## What you should do
Quote the records below word for word, please, from the very first line through the one that contains "(auto simp: first_exits_def)", and nothing beyond it.

## Listed records
####

lemma countable_first_exits:
  assumes T: "is_tree A lt" and AC: "\<forall>C. tree_antichain A lt C \<longrightarrow> countable C"
    and f: "continuous_map (tree_topology A lt) Y f" and "t1_space Y"
    and V: "openin Y V" "y \<in> V"
  shows "countable (first_exits A lt f y V)"
proof (rule countable_if_finite_pred[OF T AC])
  show "first_exits A lt f y V \<subseteq> A" by (auto simp: first_exits_def)
  show "finite (first_exits A lt f y V \<inter> tree_pred A lt x)" for x
    using finite_pred_if_locally_finite[OF T] first_exits_locally_finite[OF T f \<open>t1_space Y\<close> V]
    by blast
qed

lemma first_exit_above:
  assumes T: "is_tree A lt" and "lt u v" "f v \<notin> V"
  shows "\<exists>z\<in>first_exits A lt f (f u) V. lt u z"
proof -
  have "v \<in> {w. lt u w \<and> (w = v \<or> lt w v) \<and> f w \<notin> V}" using assms by simp
  then obtain z where z: "lt u z" "z = v \<or> lt z v" "f z \<notin> V"
    and min: "\<And>w. lt w z \<Longrightarrow> \<not> (lt u w \<and> (w = v \<or> lt w v) \<and> f w \<notin> V)"
    by (rule tree_minimalE[OF T]) blast
  have "\<forall>w. lt u w \<longrightarrow> lt w z \<longrightarrow> f w \<in> V"
    using min z(2) tree_trans[OF T] by blast
  then show ?thesis using z tree_lt_memD[OF T] unfolding first_exits_def by blast
qed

####

## Solution for this task
lemma countable_first_exits:
  assumes T: "is_tree A lt" and AC: "\<forall>C. tree_antichain A lt C \<longrightarrow> countable C"
    and f: "continuous_map (tree_topology A lt) Y f" and "t1_space Y"
    and V: "openin Y V" "y \<in> V"
  shows "countable (first_exits A lt f y V)"
proof (rule countable_if_finite_pred[OF T AC])
  show "first_exits A lt f y V \<subseteq> A" by (auto simp: first_exits_def)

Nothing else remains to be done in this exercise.